NewQuest Capital Partners is Asia’s first private equity (PE) fund with a focus on secondary transactions. The fund, which buys portfolios from existing investors, has so far secured four deals in India. In the current situation, where PE exits through initial public offerings and strategic sales seem difficult, NewQuest plans to later reap a windfall by signing more secondary deals. Amit Gupta, partner and chief operating officer of NewQuest Group, speaks to Reghu Balakrishnan on the secondary deal market, as well as its plans in India. Edited excerpts:

What’s NewQuest’s operation model?
NewQuest helps financial investors with customised liquidity solutions. We buy either single or pools of assets from current owners. This helps the sellers manage their portfolios effectively and at the same time drives liquidity for their LPs (limited partners). We then partner with investee companies to help them achieve their business plans and provide follow-up investments as and when appropriate.

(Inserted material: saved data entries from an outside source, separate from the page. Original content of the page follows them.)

lemma herm_zero_left [simp]: "herm 0 z = 0"
  and herm_zero_right [simp]: "herm z 0 = 0"
  unfolding herm_def by simp_all

lemma herm_add_left: "herm (x + y) z = herm x z + herm y z"
  unfolding herm_def by (simp add: distrib_right sum.distrib)

lemma herm_diff_left: "herm (x - y) z = herm x z - herm y z"
  unfolding herm_def by (simp add: left_diff_distrib sum_subtractf)

lemma herm_scale_left: "herm (c *s x) z = c * herm x z"
  unfolding herm_def by (simp add: sum_distrib_left mult.assoc)

lemma herm_sum_left: "herm (sum f S) z = (\<Sum>i\<in>S. herm (f i) z)"
  unfolding herm_def by (simp add: sum_distrib_right; rule sum.swap)

lemma herm_add_right: "herm z (x + y) = herm z x + herm z y"
  by (metis herm_sym herm_add_left complex_cnj_add)

lemma herm_scale_right: "herm z (c *s x) = cnj c * herm z x"
  by (metis herm_sym herm_scale_left complex_cnj_mult)

lemma herm_sum_right: "herm z (sum f S) = (\<Sum>i\<in>S. herm z (f i))"
  unfolding herm_def by (simp add: sum_distrib_left; rule sum.swap)

lemma herm_conj_vec: "herm x (conj_vec c) = cdot c x"
  unfolding herm_def conj_vec_def cdot_def by (simp add: mult.commute)

lemma cdot_conj_vec: "cdot (conj_vec c) x = herm x c"
  unfolding herm_def conj_vec_def cdot_def by (simp add: mult.commute)

lemma norm_conj_vec: "norm (conj_vec b) = norm b"
  unfolding conj_vec_def norm_vec_def by simp

lemma pythagoras:
  assumes "herm a b = 0"
  shows "(norm (a + b))\<^sup>2 = (norm a)\<^sup>2 + (norm b)\<^sup>2"
proof -
  have "herm b a = 0" using assms herm_sym by (metis complex_cnj_zero)
  then have "herm (a + b) (a + b) = herm a a + herm b b"
    using assms by (simp add: herm_add_left herm_add_right)
  then show ?thesis unfolding herm_self by (metis of_real_add of_real_eq_iff)
qed

lemma norm_vec_smult: "norm (c *s (x::complex^'n)) = cmod c * norm x"
proof -
  have "herm (c *s x) (c *s x) = (c * cnj c) * herm x x"
    by (simp add: herm_scale_left herm_scale_right mult.assoc)
  then have "complex_of_real ((norm (c *s x))\<^sup>2) = complex_of_real ((cmod c * norm x)\<^sup>2)"
    by (simp only: herm_self complex_norm_square of_real_mult power_mult_distrib)
  then have "(norm (c *s x))\<^sup>2 = (cmod c * norm x)\<^sup>2" using of_real_eq_iff by blast
  then show ?thesis by (rule power2_eq_imp_eq) auto
qed

lemma cdot_comm: "cdot a b = cdot b a"
  unfolding cdot_def by (simp add: mult.commute)

lemma cdot_diff_left: "cdot (x - y) z = cdot x z - cdot y z"
  unfolding cdot_def by (simp add: left_diff_distrib sum_subtractf)

lemma cdot_scale_left: "cdot (c *s x) z = c * cdot x z"
  unfolding cdot_def by (simp add: sum_distrib_left mult.assoc)

section \<open>Hadamard's inequality\<close>

definition gs_residual :: "'i set \<Rightarrow> ('i \<Rightarrow> complex^'n) \<Rightarrow> complex^'n \<Rightarrow> complex^'n" where
  "gs_residual G a v = v - (\<Sum>i\<in>G. (herm v (a i) / herm (a i) (a i)) *s a i)"

definition pairwise_orth :: "'i set \<Rightarrow> ('i \<Rightarrow> complex^'n) \<Rightarrow> bool" where
  "pairwise_orth G a \<longleftrightarrow> (\<forall>i\<in>G. \<forall>k\<in>G. i \<noteq> k \<longrightarrow> herm (a i) (a k) = 0)"

lemma gs_residual_orth:
  assumes "finite G" "pairwise_orth G a" "k \<in> G"
  shows "herm (gs_residual G a v) (a k) = 0"
proof -
  let ?c = "\<lambda>i. herm v (a i) / herm (a i) (a i)"
  have "herm (\<Sum>i\<in>G. ?c i *s a i) (a k) = (\<Sum>i\<in>G. ?c i * herm (a i) (a k))"
    by (simp add: herm_sum_left herm_scale_left)
  also have "\<dots> = ?c k * herm (a k) (a k)"
    using assms by (intro sum.remove[THEN trans]) (auto simp: pairwise_orth_def intro!: sum.neutral)
  also have "\<dots> = herm v (a k)"
    by (cases "a k = 0") (simp_all add: herm_self_zero)
  finally show ?thesis unfolding gs_residual_def by (simp add: herm_diff_left)
qed
text \<open>Evaluation maps the normal forms N onto G; as there are at most |G| of them, it is
  injective on N.\<close>

lemma is_presentation_by_counting:
  assumes G: "group G" "finite (carrier G)"
    and gens: "f ` X \<subseteq> carrier G" and R: "R \<subseteq> words_over X \<times> words_over X"
    and rels: "\<And>l r. (l, r) \<in> R \<Longrightarrow> eval_word G f l = eval_word G f r"
    and generated: "carrier G \<subseteq> eval_word G f ` words_over X"
    and N: "N \<subseteq> words_over X" "finite N" "card N \<le> card (carrier G)"
    and normal_form: "\<And>w. w \<in> words_over X \<Longrightarrow> \<exists>w' \<in> N. word_equiv R w w'"
  shows "is_presentation G X f R"
proof -
  interpret group G by (fact G(1))
  let ?eval = "eval_word G f"
  have eval_eq: "?eval u = ?eval v" if "word_equiv R u v" "u \<in> words_over X" "v \<in> words_over X" for u v
    by (rule eval_word_eq_if_word_equiv[OF gens R rels that])
  have carrier_eq: "carrier G = ?eval ` words_over X"
    using generated eval_word_closed[OF gens] by auto
  have "carrier G \<subseteq> ?eval ` N"
  proof
    fix g assume "g \<in> carrier G"
    then obtain w where w: "w \<in> words_over X" "g = ?eval w" using generated by auto
    then obtain w' where "w' \<in> N" "word_equiv R w w'" using normal_form by blast
    then show "g \<in> ?eval ` N" using w eval_eq N(1) by blast
  qed
  then have "card (carrier G) \<le> card (?eval ` N)"
    by (simp add: card_mono N(2))
  then have inj: "inj_on ?eval N"
    using N(2,3) card_image_le[OF N(2), of ?eval] by (intro eq_card_imp_inj_on) auto
  have "word_equiv R u v"
    if uv: "u \<in> words_over X" "v \<in> words_over X" "?eval u = ?eval v" for u v
  proof -
    obtain u' v' where "u' \<in> N" "v' \<in> N" and uv': "word_equiv R u u'" "word_equiv R v v'"
      using normal_form uv(1,2) by meson
    moreover from this have "?eval u' = ?eval v'" using uv eval_eq N(1) by (metis subsetD)
    ultimately have "u' = v'" using inj by (auto dest: inj_onD)
    then show ?thesis using uv' by (metis word_equiv.sym word_equiv.trans)
  qed
  then show ?thesis
    unfolding is_presentation_def using G(1) gens R carrier_eq eval_eq by blast
qed

section \<open>Normal forms for the Coxeter presentation of the symmetric group\<close>

definition coxeter_A_rels :: "(nat \<Rightarrow> 'g \<times> bool) \<Rightarrow> nat \<Rightarrow> ('g word \<times> 'g word) set"
  where "coxeter_A_rels a n =
       {([a i, a i], []) | i. 1 \<le> i \<and> i \<le> n - 1}
     \<union> {([a i, a j], [a j, a i]) | i j. 1 \<le> i \<and> i \<le> n - 1 \<and> 1 \<le> j \<and> j \<le> n - 1
                                      \<and> (i + 2 \<le> j \<or> j + 2 \<le> i)}
     \<union> {([a i, a (i+1), a i], [a (i+1), a i, a (i+1)]) | i. 1 \<le> i \<and> i \<le> n - 2}"

text \<open>down_run m k = [m, m - 1, ..., m - k + 1]. The normal forms for S_(m+1) are the words
  w @ down_run m k with w a normal form for S_m and k \<le> m, one for each right coset of S_m.\<close>

fun down_run :: "nat \<Rightarrow> nat \<Rightarrow> nat list" where
  "down_run m 0 = []"
| "down_run m (Suc k) = down_run m k @ [m - k]"

fun coxeter_nf :: "nat \<Rightarrow> nat list set" where
  "coxeter_nf 0 = {[]}"
| "coxeter_nf (Suc m) = (\<lambda>(w, k). w @ down_run m k) ` (coxeter_nf m \<times> {..m})"

lemma set_down_run: "k \<le> m \<Longrightarrow> set (down_run m k) = {m - k<..m}"
  by (induction k) (auto simp: Suc_diff_le)

lemma set_coxeter_nf: "w \<in> coxeter_nf m \<Longrightarrow> set w \<subseteq> {1..m - 1}"
  by (induction m arbitrary: w) (fastforce simp: set_down_run)+

lemma Nil_in_coxeter_nf: "[] \<in> coxeter_nf m"
  by (induction m) (force intro: image_eqI[of _ _ "([], 0)"])+

lemma finite_coxeter_nf: "finite (coxeter_nf m)"
  by (induction m) auto
lemma g_bessel_bound_comp:
  assumes Theta: "g_bessel_bound UNIV Theta J B" and "0 \<le> B"
    and A_le: "\<And>f. f \<in> S \<Longrightarrow> norm (A f) \<le> C * norm f"
    and Gam: "\<And>j f. j \<in> J \<Longrightarrow> f \<in> S \<Longrightarrow> Gam j f = Theta j (A f)"
  shows "g_bessel_bound S Gam J (B * C\<^sup>2)"
  unfolding g_bessel_bound_def
proof (intro ballI conjI)
  fix f assume f: "f \<in> S"
  show "(\<lambda>j. (norm (Gam j f))\<^sup>2) summable_on J"
    using Theta Gam f by (auto simp: g_bessel_bound_def cong: summable_on_cong)
  have "(\<Sum>\<^sub>\<infinity>j\<in>J. (norm (Gam j f))\<^sup>2) = (\<Sum>\<^sub>\<infinity>j\<in>J. (norm (Theta j (A f)))\<^sup>2)"
    using Gam f by (intro infsum_cong) simp
  also have "\<dots> \<le> B * (norm (A f))\<^sup>2"
    using Theta by (simp add: g_bessel_bound_def)
  also have "\<dots> \<le> B * (C * norm f)\<^sup>2"
    using A_le[OF f] \<open>0 \<le> B\<close> by (intro mult_left_mono power_mono) auto
  finally show "(\<Sum>\<^sub>\<infinity>j\<in>J. (norm (Gam j f))\<^sup>2) \<le> B * C\<^sup>2 * (norm f)\<^sup>2"
    by (simp add: power_mult_distrib mult.assoc)
qed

What’s the difference between NewQuest and other funds that do secondary deals?
We are the only pan-Asian direct secondary player operating today. Most funds active in the secondary space in the region are fund of funds. Unlike the fund of funds, we do not buy secondary LP stakes but purchase direct positions from current managers. In fact, we often complement fund of funds offerings, as those operating in the secondary space generally need a GP (general partner) like us to manage positions for them.

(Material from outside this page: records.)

lemma distinct_concat_unique_index:
  "distinct (concat F) \<Longrightarrow> i < length F \<Longrightarrow> j < length F \<Longrightarrow> e \<in> set (F ! i) \<Longrightarrow> e \<in> set (F ! j)
   \<Longrightarrow> i = j"
proof (induction F arbitrary: i j)
  case (Cons col F)
  have disj: "e \<notin> set (F ! n)" if "e \<in> set col" "n < length F" for n
    using Cons.prems(1) that nth_mem by fastforce
  show ?case
  proof (cases i)
    case 0
    then show ?thesis using Cons.prems disj by (cases j) auto
  next
    case (Suc n)
    then show ?thesis using Cons.prems disj Cons.IH[of n "j - 1"] by (cases j) auto
  qed
qed simp

section \<open>Plane trees and their words\<close>

datatype tree = Node nat "tree option list"

fun word :: "tree \<Rightarrow> letter list"
  and slot_word :: "tree option \<Rightarrow> letter list"
  and slots_word :: "tree option list \<Rightarrow> letter list" where
  "word (Node u []) = [S u]"
| "word (Node u (c # cs)) = S u # slot_word c @ slots_word cs"
| "slot_word None = []"
| "slot_word (Some t) = word t"
| "slots_word [] = []"
| "slots_word (c # cs) = W # slot_word c @ slots_word cs"

fun wf_tree :: "tree \<Rightarrow> bool"
  and wf_slot :: "tree option \<Rightarrow> bool"
  and wf_slots :: "tree option list \<Rightarrow> bool" where
  "wf_tree (Node u cs) \<longleftrightarrow> 0 < u \<and> length cs = Suc u \<and> wf_slots cs"
| "wf_slot None \<longleftrightarrow> True"
| "wf_slot (Some t) \<longleftrightarrow> wf_tree t"
| "wf_slots [] \<longleftrightarrow> True"
| "wf_slots (c # cs) \<longleftrightarrow> wf_slot c \<and> wf_slots cs"

fun labels :: "tree \<Rightarrow> nat list"
  and slot_labels :: "tree option \<Rightarrow> nat list"
  and slots_labels :: "tree option list \<Rightarrow> nat list" where
  "labels (Node u cs) = u # slots_labels cs"
| "slot_labels None = []"
| "slot_labels (Some t) = labels t"
| "slots_labels [] = []"
| "slots_labels (c # cs) = slot_labels c @ slots_labels cs"

fun mirror :: "tree \<Rightarrow> tree" where
  "mirror (Node u cs) = Node u (rev (map (map_option mirror) cs))"

lemma word_not_Nil [simp]: "word t \<noteq> []"
  by (cases t rule: word.cases) auto

definition height :: "letter list \<Rightarrow> int" where
  "height w = sum_list (map letter_step w)"

lemma height_simps [simp]:
  "height [] = 0" "height (x # w) = letter_step x + height w" "height (v @ w) = height v + height w"
  by (auto simp: height_def)

lemma start_rank_eq_height: "start_rank w i = height (take i w)"
  by (simp add: start_rank_def height_def)

lemma ups_simps [simp]:
  "ups [] = []" "ups (S n # w) = n # ups w" "ups (W # w) = ups w" "ups (v @ w) = ups v @ ups w"
  by (auto simp: ups_def)

lemma set_ups: "set (ups w) = {n. S n \<in> set w}"
proof (induction w)
  case (Cons x w)
  then show ?case by (cases x) auto
qed simp

lemma height_conv_ups: "height w = int (sum_list (ups w)) - int (length (filter (\<lambda>x. x = W) w))"
proof (induction w)
  case (Cons x w)
  then show ?case by (cases x) auto
qed simp

lemma height_word:
  "wf_tree t \<Longrightarrow> height (word t) = 0 \<and> (\<forall>i. 0 \<le> height (take i (word t)))"
  "wf_slot c \<Longrightarrow> height (slot_word c) = 0 \<and> (\<forall>i. 0 \<le> height (take i (slot_word c)))"
  "wf_slots cs \<Longrightarrow> height (slots_word cs) = - int (length cs)
     \<and> (\<forall>i. - int (length cs) \<le> height (take i (slots_word cs)))"
proof (induction t and c and cs rule: word_slot_word_slots_word.induct)
  case (2 u c cs)
  have "0 \<le> height (take i (word (Node u (c # cs))))" for i
  proof (cases i)
    case (Suc j)
    have "0 \<le> height (take j (slot_word c))"
      and "- int u \<le> height (take (j - length (slot_word c)) (slots_word cs))"
      using 2 by auto
    then show ?thesis using Suc by simp
  qed simp
  then show ?case using 2 by simp
next
  case (6 c cs)
  have "- int (length (c # cs)) \<le> height (take i (slots_word (c # cs)))" for i
  proof (cases i)
    case (Suc j)
    have "0 \<le> height (take j (slot_word c))"
      and "- int (length cs) \<le> height (take (j - length (slot_word c)) (slots_word cs))"
      using 6 by auto
    then show ?thesis using Suc by simp
  qed simp
  then show ?case using 6 by simp
qed auto

lemma ups_word:
  "ups (word t) = labels t" "ups (slot_word c) = slot_labels c" "ups (slots_word cs) = slots_labels cs"
  by (induction t and c and cs rule: word_slot_word_slots_word.induct) auto

lemma count_W_word:
  "wf_tree t \<Longrightarrow> length (filter (\<lambda>x. x = W) (word t)) = sum_list (labels t)"
  "wf_slot c \<Longrightarrow> length (filter (\<lambda>x. x = W) (slot_word c)) = sum_list (slot_labels c)"
  "wf_slots cs \<Longrightarrow> length (filter (\<lambda>x. x = W) (slots_word cs)) = length cs + sum_list (slots_labels cs)"
  by (induction t and c and cs rule: word_slot_word_slots_word.induct) auto

lemma word_in_dyck_paths: "wf_tree t \<Longrightarrow> word t \<in> dyck_paths (labels t)"
  using height_word(1) count_W_word(1) by (simp add: dyck_paths_def ups_word start_rank_eq_height)

lemma first_descent:
  "height w < - int b \<Longrightarrow>
   \<exists>v r. w = v @ W # r \<and> height v = - int b \<and> (\<forall>i. - int b \<le> height (take i v))"
proof (induction w arbitrary: b)
  case (Cons x w)
  show ?case
  proof (cases x)
    case (S m)
    with Cons.prems obtain v r where "w = v @ W # r" "height v = - int (b + m)"
      and v: "\<forall>i. - int (b + m) \<le> height (take i v)"
      using Cons.IH[of "b + m"] by auto
    moreover have "- int b \<le> height (take i (S m # v))" for i
      using v[rule_format, of "i - 1"] S by (cases i) auto
    ultimately have "x # w = (S m # v) @ W # r \<and> height (S m # v) = - int b
        \<and> (\<forall>i. - int b \<le> height (take i (S m # v)))"
      using S by simp
    then show ?thesis by blast
  next
    case W
    show ?thesis
    proof (cases b)
      case 0
      show ?thesis
      proof (intro exI conjI)
        show "x # w = [] @ W # w" using W by simp
      qed (use 0 in simp_all)
    next
      case (Suc b')
      with Cons.prems W obtain v r where "w = v @ W # r" "height v = - int b'"
        and v: "\<forall>i. - int b' \<le> height (take i v)"
        using Cons.IH[of b'] by auto
      moreover have "- int b \<le> height (take i (W # v))" for i
        using v[rule_format, of "i - 1"] Suc by (cases i) auto
      ultimately have "x # w = (W # v) @ W # r \<and> height (W # v) = - int b
          \<and> (\<forall>i. - int b \<le> height (take i (W # v)))"
        using W Suc by simp
      then show ?thesis by blast
    qed
  qed
qed simp

lemma first_descent_unique:
  assumes "v @ W # r = v' @ W # r'" "height v = 0" "height v' = 0"
    "\<forall>i. 0 \<le> height (take i v)" "\<forall>i. 0 \<le> height (take i v')"
  shows "v = v' \<and> r = r'"
proof -
  have False if "v @ W # r = v' @ W # r'" "height v = 0" "\<forall>i. 0 \<le> height (take i v')"
    "length v < length v'" for v v' r r'
  proof -
    have "take (Suc (length v)) v' = v @ [W]"
      using arg_cong[OF that(1), of "take (Suc (length v))"] that(4) by simp
    then have "height (take (Suc (length v)) v') = -1" using that(2) by simp
    then show False using that(3)[rule_format, of "Suc (length v)"] by simp
  qed
  then have "length v = length v'"
    using assms by (metis linorder_neqE_nat)
  then show ?thesis using assms(1) by simp
qed
(* Let $L_1,L_2,L_3$ be pairwise commuting generators of semigroups of completely positive unital maps on $M_d$, let $x_1,x_2,x_3\ge0$ with $x_1+x_2+x_3=1$, and let $A_t=\sum_{j=1}^3x_je^{tL_j}$. Then $A_t$ solves $\frac{dA_t}{dt}=\int_0^t ds\,L_{t-s}A_s$, $A_0=I$, with memory kernel whose Laplace transform is $$\widehat L_p=L+\widehat B_p\,\widehat C_p^{-1},$$ where $L=x_1L_1+x_2L_2+x_3L_3$, $\widehat B_p=p\,(x_1L_1^2+x_2L_2^2+x_3L_3^2-L^2)+L_1L_2L_3-L(x_1L_2L_3+x_2L_1L_3+x_3L_1L_2)$, $\widehat C_p=p^2I-p(L_1+L_2+L_3-L)+x_1L_2L_3+x_2L_1L_3+x_3L_1L_2$ (for $p$ large enough that $\widehat C_p$ is invertible).
   Context: $M_d$ denotes the algebra of complex $d\times d$ matrices; $I$ is the identity map on $M_d$. For a $\mathcal B(M_d)$-valued function $X_t$, $\widehat X_p=\int_0^\infty dt\,e^{-pt}X_t$ is its Laplace transform; the master equation means $\widehat A_p=(pI-\widehat L_p)^{-1}$. *)

theory Defs
  imports "HOL-Analysis.Analysis"
begin

text \<open>Elements of M_d are complex d x d matrices (type complex^'d^'d); linear maps on
  M_d are bounded (real-)linear operators, required additionally to be complex-linear.\<close>

type_synonym 'd sop = "(complex^'d^'d) \<Rightarrow>\<^sub>L (complex^'d^'d)"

What are the advantages of running an exclusive secondary transaction fund?
Being a focused direct secondary player allows us to be a very credible counterparty to investors seeking bespoke liquidity solutions. Our flexible approach to customise transactions, based on the liquidity objectives of the seller and capital needs of the underlying portfolio companies, help sellers refocus on core investment and portfolio management activities.

How’s the Indian market on secondary PE deals?
Over the last decade, India, like other Asian markets, has only experienced one cycle of minority growth transactions. As that first cycle is nearing its end, and the most recent cycle begins, the direct secondary market is likely to pick up. We are now seeing greater interest from both sellers and buyers than before. While single-asset direct secondary transactions have been more prevalent in the past, we believe multi-asset deals will increase as PE firms grow and start looking at their portfolios more holistically.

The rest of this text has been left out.